American novelist and activist (1867–1951)

Annie Nathan Meyer (February 19, 1867 – September 23, 1951) was an American author, anti-suffragist, and promoter of higher education for women who founded Barnard College. Her sister was activist Maud Nathan and her nephew was author and poet Robert Nathan.

==Early years and education==
She was born in New York City in 1867, the daughter of Annie Augusta Nathan (née Florance) and Robert Weeks Nathan. The Nathans are one of America's colonial-era Sephardic families living in Manhattan who had fled the religious restrictions in their native Spain and Portugal during the fifteenth century. Her great-grandfather was Gershom Seixas, the rabbi leading a prominent synagogue in colonial Manhattan who also suffered repression when he refused to follow the religious dictates of the British.
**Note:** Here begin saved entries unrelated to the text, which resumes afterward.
definition lift_env :: "(nat \<Rightarrow> 'a) \<Rightarrow> nat \<Rightarrow> 'a" where
  "lift_env env n = (if n mod 3 = 0 then env (n div 3) else if n mod 3 = 1 then p (n div 3) else p 0)"

lemma lift_env_carries_params: "carries_params (lift_env env)"
proof -
  have "Suc (3 * i) div 3 = i" "Suc (3 * i) mod 3 = 1" for i :: nat by presburger+
  then show ?thesis unfolding carries_params_def lift_env_def by simp
qed

lemma range_lift_env: "range env \<subseteq> UI \<Longrightarrow> range (lift_env env) \<subseteq> D"
  unfolding lift_env_def using params UI_D by auto

lemma lift_env_upd: "i mod 3 = 0 \<Longrightarrow> (lift_env env)(i := d) = lift_env (env(i div 3 := d))"
  unfolding lift_env_def by (auto simp: fun_eq_iff)

lemma sat_relativize_lift_env:
  "range env \<subseteq> UI \<Longrightarrow> sat D E Ur (lift_env env) (relativize \<psi> q) \<longleftrightarrow> sat UI E Ur env q"
  using sat_relativize[OF lift_env_carries_params, of env q] unfolding lift_env_def by auto

lemma UI_separation: "ax_separation UI E Ur"
  unfolding ax_separation_def
proof (intro allI impI ballI)
  fix \<phi> :: fm and env :: "nat \<Rightarrow> 'a" and x assume env: "range env \<subseteq> UI" and x: "x \<in> UI" "\<not> Ur x"
  obtain y where y: "y \<in> D" "\<not> Ur y"
    "\<forall>z\<in>D. E z y \<longleftrightarrow> (E z x \<and> sat D E Ur ((lift_env env)(0 := z)) (relativize \<psi> \<phi>))"
    using separation[OF range_lift_env[OF env] UI_D[OF x(1)] x(2)] by blast
  have "y \<in> UI"
    using set_in_UI_below[OF x(1) y(1,2)] y(3) in_tc_member[OF in_tc_refl UI_D[OF x(1)]] by blast
  moreover have "sat D E Ur ((lift_env env)(0 := z)) (relativize \<psi> \<phi>) \<longleftrightarrow> sat UI E Ur (env(0 := z)) \<phi>"
    if "z \<in> UI" for z
    using sat_relativize_lift_env[OF range_fun_upd_subset[OF env that]] by (simp add: lift_env_upd)
  ultimately show "\<exists>y\<in>UI. \<not> Ur y \<and> (\<forall>z\<in>UI. E z y \<longleftrightarrow> (E z x \<and> sat UI E Ur (env(0 := z)) \<phi>))"
    using y UI_D by blast
qed

end

section \<open>Bisimulations realising the swap of two urelements\<close>

definition swap :: "'a \<Rightarrow> 'a \<Rightarrow> 'a \<Rightarrow> 'a" where
  "swap c c' a = (if a = c then c' else if a = c' then c else a)"
lemma convergent_lim_in_closed:
  fixes x :: "nat \<Rightarrow> real"
  assumes "closed S"
    and approx: "\<And>e. 0 < e \<Longrightarrow> \<exists>g\<in>S. \<forall>\<^sub>F N in sequentially. \<bar>x N - g\<bar> \<le> e"
  shows "convergent x \<and> lim x \<in> S"
proof
  show "convergent x"
  proof (rule Cauchy_convergent, rule metric_CauchyI)
    fix e :: real
    assume "0 < e"
    then obtain g N0 where "\<forall>N\<ge>N0. \<bar>x N - g\<bar> \<le> e / 3"
      using approx[of "e / 3"] by (auto simp: eventually_sequentially)
    then have "dist (x m) (x n) < e" if "N0 \<le> m" "N0 \<le> n" for m n
    proof -
      have "\<bar>x m - g\<bar> \<le> e / 3" "\<bar>x n - g\<bar> \<le> e / 3"
        using that \<open>\<forall>N\<ge>N0. _\<close> by auto
      then show ?thesis
        using \<open>0 < e\<close> unfolding dist_real_def abs_le_iff abs_less_iff by linarith
    qed
    then show "\<exists>M. \<forall>m\<ge>M. \<forall>n\<ge>M. dist (x m) (x n) < e"
      by blast
  qed
  then have lim: "x \<longlonglongrightarrow> lim x"
    by (simp add: convergent_LIMSEQ_iff)
  have "\<exists>g\<in>S. dist g (lim x) < e" if "0 < e" for e
  proof -
    obtain g where "g \<in> S" and g: "\<forall>\<^sub>F N in sequentially. \<bar>x N - g\<bar> \<le> e / 2"
      using approx[of "e / 2"] \<open>0 < e\<close> by auto
    have "(\<lambda>N. \<bar>x N - g\<bar>) \<longlonglongrightarrow> \<bar>lim x - g\<bar>"
      by (intro tendsto_intros lim)
    then have "\<bar>lim x - g\<bar> \<le> e / 2"
      using g by (rule tendsto_upperbound) simp
    then show ?thesis
      using \<open>g \<in> S\<close> \<open>0 < e\<close> by (intro bexI[of _ g]) (auto simp: dist_real_def abs_minus_commute)
  qed
  then show "lim x \<in> S"
    using closed_approachable[OF \<open>closed S\<close>] by blast
qed

lemma density_lim_in_closed:
  fixes P :: "nat \<Rightarrow> bool" and G :: "nat \<Rightarrow> nat \<Rightarrow> bool" and T :: nat
  assumes "closed S"
    and periodic: "\<And>M q r. r + T < 2 ^ M \<Longrightarrow> P (q * 2 ^ M + r) = G M r"
    and blocks: "\<And>M. T \<le> 2 ^ M \<Longrightarrow> card {r. r < 2 ^ M \<and> G M r} / 2 ^ M \<in> S"
  shows "convergent (\<lambda>N. card {n. n < N \<and> P n} / N) \<and> lim (\<lambda>N. card {n. n < N \<and> P n} / N) \<in> S"
proof (rule convergent_lim_in_closed[OF \<open>closed S\<close>])
  fix e :: real
  assume "0 < e"
  have "\<forall>\<^sub>F M in sequentially. T \<le> M \<and> T / 2 ^ M < e / 2"
    using eventually_ge_at_top[of T]
      order_tendstoD(2)[OF LIMSEQ_divide_realpow_zero[of 2 "real T"], of "e / 2"] \<open>0 < e\<close>
    by (auto intro: eventually_conj)
  then obtain M where "T \<le> M" and M: "T / 2 ^ M < e / 2"
    by (auto simp: eventually_sequentially)
  then have "T \<le> 2 ^ M"
    using less_exp[of M] by linarith
  have "\<forall>\<^sub>F N in sequentially. 0 < N \<and> 2 * 2 ^ M / real N < e / 2"
    using eventually_gt_at_top[of 0]
      order_tendstoD(2)[OF lim_const_over_n[of "2 * 2 ^ M"], of "e / 2"] \<open>0 < e\<close>
    by (auto intro: eventually_conj)
  then have "\<forall>\<^sub>F N in sequentially.
      \<bar>card {n. n < N \<and> P n} / N - card {r. r < 2 ^ M \<and> G M r} / 2 ^ M\<bar> \<le> e"
  proof (rule eventually_mono)
    fix N :: nat
    assume N: "0 < N \<and> 2 * 2 ^ M / real N < e / 2"
    then have "\<bar>card {n. n < N \<and> P n} / N - card {r. r < 2 ^ M \<and> G M r} / 2 ^ M\<bar>
        \<le> T / 2 ^ M + 2 * 2 ^ M / N"
      using card_density_estimate[of "2 ^ M" N T P "G M"] periodic by simp
    then show "\<bar>card {n. n < N \<and> P n} / N - card {r. r < 2 ^ M \<and> G M r} / 2 ^ M\<bar> \<le> e"
      using N M by linarith
  qed
  then show "\<exists>g\<in>S. \<forall>\<^sub>F N in sequentially. \<bar>card {n. n < N \<and> P n} / N - g\<bar> \<le> e"
    using blocks[OF \<open>T \<le> 2 ^ M\<close>] by blast
qed

theorem lemma3p2:
  assumes "\<forall>t::nat. t \<ge> 1 \<longrightarrow> p t \<ge> 1/2"
  shows "\<forall>t::nat. t \<ge> 1 \<longrightarrow> ctilde t \<le> 1/2 \<and> 1/2 \<le> c t"
proof (intro allI impI conjI)
  fix t :: nat
  have "lim (\<lambda>N. card {n. n < N \<and> bsum n < bsum (n + t)} / N) \<in> {..1/2}"
  proof (rule conjunct2[OF density_lim_in_closed])
    fix M
    assume "t \<le> 2 ^ M"
    then have "real (2 * card {r. r < 2 ^ M \<and> bsum r < bsum ((r + t) mod 2 ^ M)}) \<le> real (2 ^ M)"
      using card_bsum_less_shift_le_half[OF assms] by (simp only: of_nat_le_iff)
    then show "card {r. r < 2 ^ M \<and> bsum r < bsum ((r + t) mod 2 ^ M)} / 2 ^ M \<in> {..1/2::real}"
      by (simp add: field_simps)
  qed (use bsum_mult_power_add bsum_add_mult_power_add in auto)
  then show "ctilde t \<le> 1/2"
    by (simp add: ctilde_def)
  have "lim (\<lambda>N. card {n. n < N \<and> bsum n \<le> bsum (n + t)} / N) \<in> {1/2..}"
  proof (rule conjunct2[OF density_lim_in_closed])
    fix M
    assume "t \<le> 2 ^ M"
    then have "real (2 ^ M) \<le> real (2 * card {r. r < 2 ^ M \<and> bsum r \<le> bsum ((r + t) mod 2 ^ M)})"
      using card_bsum_le_shift_ge_half[OF assms] by (simp only: of_nat_le_iff)
    then show "card {r. r < 2 ^ M \<and> bsum r \<le> bsum ((r + t) mod 2 ^ M)} / 2 ^ M \<in> {1/2::real..}"
      by (simp add: field_simps)
  qed (use bsum_mult_power_add bsum_add_mult_power_add in auto)
  then show "1/2 \<le> c t"
    by (simp add: c_def)
qed

end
Later, he would assist at the inauguration of George Washington.

During childhood, Meyer encountered many hardships as the Crash of 1873 damaged the financial status of her parents. Since she was withheld from public school by her mother's request, Meyer was self-educated and claimed to have read all of the works of Charles Dickens by the age of seven. In 1875, the family moved from New York to Green Bay, Wisconsin for greater employment opportunities.

Meyer later focused her studies carefully in order to enroll in the newly established Columbia College Collegiate Course for Women in 1885 at the all-male Columbia College in Manhattan. It was a program that allowed women to sit for examinations for all undergraduate degrees although they were not allowed to attend the lectures preparing its students for the examinations. The course did not recognize women participants as fully enrolled Columbia students because at the time, officially, the college did not enroll women.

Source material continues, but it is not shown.